Does the Prompt-based Large Language Model Recognize Students' Demographics and Introduce Bias in Essay Scoring?
Kaixun Yang, Mladen Raković, Dragan Gašević, Guanliang Chen
TL;DR
The paper examines whether prompt-based LLMs used for Automated Essay Scoring can infer student demographics from essays and how such inferences relate to scoring bias. Using GPT-4o on the PERSUADE 2.0 corpus, the authors design prompts to predict gender and first-language background and to score essays, then analyze the relationship between demographic predictability and scoring fairness via inverse-probability-weighted regression. They find that LLMs can infer demographics with high accuracy for L1 and substantial accuracy for gender when predictions are definitive, and that scoring bias is more pronounced when the model correctly predicts L1—especially harming non-native speakers—while gender bias remains largely insignificant. The work suggests that demographic cues are embedded in prompt-based AES and that debiasing in prompt-based settings may require strategies beyond standard fine-tuning, such as careful prompt design and sample diversity. Overall, the study highlights fairness concerns in prompt-based AES and provides a framework to quantify and address demographic-related scoring biases in educational NLP applications.
Abstract
Large Language Models (LLMs) are widely used in Automated Essay Scoring (AES) due to their ability to capture semantic meaning.

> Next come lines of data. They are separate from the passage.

text \<open>A Schur complement. With y and w as above, |x - w|^2 \<ge> 0 gives
  |x|^2 \<ge> 2 Re (x^H w) - |w|^2 = 2 y^H R y + |w|^2.\<close>

lemma pos_def_one_minus_gram_inv:
  fixes R X :: "complex^'n^'n"
  assumes R: "pos_def R"
  shows "pos_def (mat 1 - cH X ** matrix_inv (R + X ** cH X) ** X)"
proof -
  define C where "C = R + X ** cH X"
  have C: "pos_def C" unfolding C_def using pos_semidef_add_pos_def[OF pos_semidef_gram R]
    by (simp add: add.commute)
  have inv: "invertible C" using pos_def_invertible[OF C] .
  have hR: "hermitian R" using R by (simp add: pos_def_def)
  have "Re (cinner x ((mat 1 - cH X ** matrix_inv C ** X) *v x)) > 0" if x: "x \<noteq> 0" for x
  proof -
    define y where "y = matrix_inv C *v (X *v x)"
    define w where "w = cH X *v y"
    note form = cinner_one_minus_gram_inv[OF hR inv[unfolded C_def] y_def[unfolded C_def] w_def]
    have wx: "cinner w x = cinner x w" using form(2) cinner_commute[of w x] by simp
    have "0 \<le> Re (cinner (x - w) (x - w))" by (rule cinner_self_nonneg)
    also have "cinner (x - w) (x - w) = cinner x x - cinner x w - cinner w x + cinner w w"
      by (simp add: cinner_diff_left cinner_diff_right)
    finally have "2 * Re (cinner y (R *v y)) + Re (cinner w w) \<le> Re (cinner x x)"
      using form(2) wx by simp
    moreover have "Re (cinner y (R *v y)) > 0 \<or> y = 0" using R by (auto simp: pos_def_def)
    ultimately show ?thesis
      using form cinner_self_pos[OF x] by (auto simp: C_def w_def)
  qed
  moreover have "hermitian (mat 1 - cH X ** matrix_inv C ** X)"
    using hermitian_matrix_inv[OF _ inv] C
    by (simp add: pos_def_def hermitian_def cH_diff cH_matrix_mult matrix_mul_assoc)
  ultimately show ?thesis by (simp add: pos_def_def C_def)
qed

lemma pos_def_mmse_matrix: "s > 0 \<Longrightarrow> pos_def (mmse_matrix H s gk V)"
  unfolding mmse_matrix_def covar_eq_interf_covar[of H s V gk]
  by (rule pos_def_one_minus_gram_inv[OF pos_def_interf_covar])

section \<open>The surrogate majorises the negated rate\<close>

lemma ln_Re_det_mult_matrix_inv:
  assumes A: "pos_def A" and B: "pos_def B"
  shows "ln (Re (det A * det (matrix_inv B))) = ln (Re (det A)) - ln (Re (det B))"
proof -
  have "det (matrix_inv B) = inverse (det B)"
    using det_matrix_inv[OF pos_def_invertible[OF B]] by (metis inverse_unique mult.commute)
  moreover have "det A = of_real (Re (det A))" "det B = of_real (Re (det B))"
    using pos_def_det(2)[OF A] pos_def_det(2)[OF B] by (simp_all add: complex_eq_iff)
  ultimately have "Re (det A * det (matrix_inv B)) = Re (det A) / Re (det B)"
    by (metis Re_complex_of_real of_real_divide divide_inverse)
  then show ?thesis using pos_def_det(1)[OF A] pos_def_det(1)[OF B] by (simp add: ln_div)
qed

lemma negrate_eq_ln_det_ratio:
  assumes s: "s > 0"
  shows "negrate H s gk V = ln (Re (det (interf_covar H s gk V))) - ln (Re (det (covar H s V)))"
proof -
  define R where "R = interf_covar H s gk V"
  have R: "pos_def R" unfolding R_def using pos_def_interf_covar[OF s] .
  have "Jmat H s gk V = matrix_inv R" unfolding Jmat_def R_def interf_covar_def ..
  then have "mat 1 + H ** V gk ** cH (V gk) ** cH H ** Jmat H s gk V = covar H s V ** matrix_inv R"
    using pos_def_invertible[OF R]
    by (simp add: covar_eq_interf_covar[of H s V gk] R_def[symmetric] cH_sandwich
        matrix_add_rdistrib matrix_inv_right matrix_mul_assoc)
  then have "negrate H s gk V = - ln (Re (det (covar H s V) * det (matrix_inv R)))"
    by (simp add: negrate_def det_mul)
  then show ?thesis
    unfolding ln_Re_det_mult_matrix_inv[OF pos_def_covar[OF s] R] by (simp add: R_def)
qed

lemma ln_det_mmse_matrix:
  assumes s: "s > 0"
  shows "ln (Re (det (mmse_matrix H s gk V))) = negrate H s gk V"
proof -
  define R where "R = interf_covar H s gk V"
  define C where "C = covar H s V"
  define X where "X = H ** V gk"
  have R: "pos_def R" unfolding R_def using pos_def_interf_covar[OF s] .
  have C: "pos_def C" unfolding C_def using pos_def_covar[OF s] .
  have inv: "invertible C" using pos_def_invertible[OF C] .
  have "mat 1 + (matrix_inv C ** X) ** (- cH X) = matrix_inv C ** R"
  proof -
    have "matrix_inv C ** R = matrix_inv C ** (C - X ** cH X)"
      using covar_eq_interf_covar[of H s V gk] by (simp add: C_def R_def X_def)
    also have "\<dots> = mat 1 - matrix_inv C ** X ** cH X"
      by (simp add: matrix_diff_ldistrib matrix_inv_left[OF inv] matrix_mul_assoc)
    finally show ?thesis by (simp add: matrix_uminus_right)
  qed
  moreover have "mmse_matrix H s gk V = mat 1 + (- cH X) ** (matrix_inv C ** X)"
    by (simp add: mmse_matrix_def C_def X_def matrix_uminus_left matrix_mul_assoc)
  ultimately have det: "det (mmse_matrix H s gk V) = det R * det (matrix_inv C)"
    by (simp add: det_one_plus_mult_commute[of "- cH X"] det_mul mult.commute)
  show ?thesis
    unfolding det ln_Re_det_mult_matrix_inv[OF R C]
    by (simp add: negrate_eq_ln_det_ratio[OF s] R_def C_def)
qed

lemma Uhat_eq: "Uhat H s gk Vi = matrix_inv (covar H s Vi) ** (H ** Vi gk)"
  unfolding Uhat_def covar_def ..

Traditional fine-tuning approaches required technical expertise, limiting accessibility for educators with limited technical backgrounds. However, prompt-based tools like ChatGPT have made AES more accessible, enabling educators to obtain machine-generated scores using natural-language prompts (i.e., the prompt-based paradigm). Despite advancements, prior studies have shown bias in fine-tuned LLMs, particularly against disadvantaged groups. It remains unclear whether such biases persist or are amplified in the prompt-based paradigm with cutting-edge tools. Since such biases are believed to stem from the demographic information embedded in pre-trained models (i.e., the ability of LLMs' text embeddings to predict demographic attributes), this study explores the relationship between the model's predictive power of students' demographic attributes based on their written works and its predictive bias in the scoring task in the prompt-based paradigm. Using a publicly available dataset of over 25,000 students' argumentative essays, we designed prompts to elicit demographic inferences (i.e., gender, first-language background) from GPT-4o and assessed fairness in automated scoring. Then we conducted multivariate regression analysis to explore the impact of the model's ability to predict demographics on its scoring outcomes. Our findings revealed that (i) prompt-based LLMs can somewhat infer students' demographics, particularly their first-language backgrounds, from their essays; (ii) scoring biases are more pronounced when the LLM correctly predicts students' first-language background than when it does not; and (iii) scoring error for non-native English speakers increases when the LLM correctly identifies them as non-native.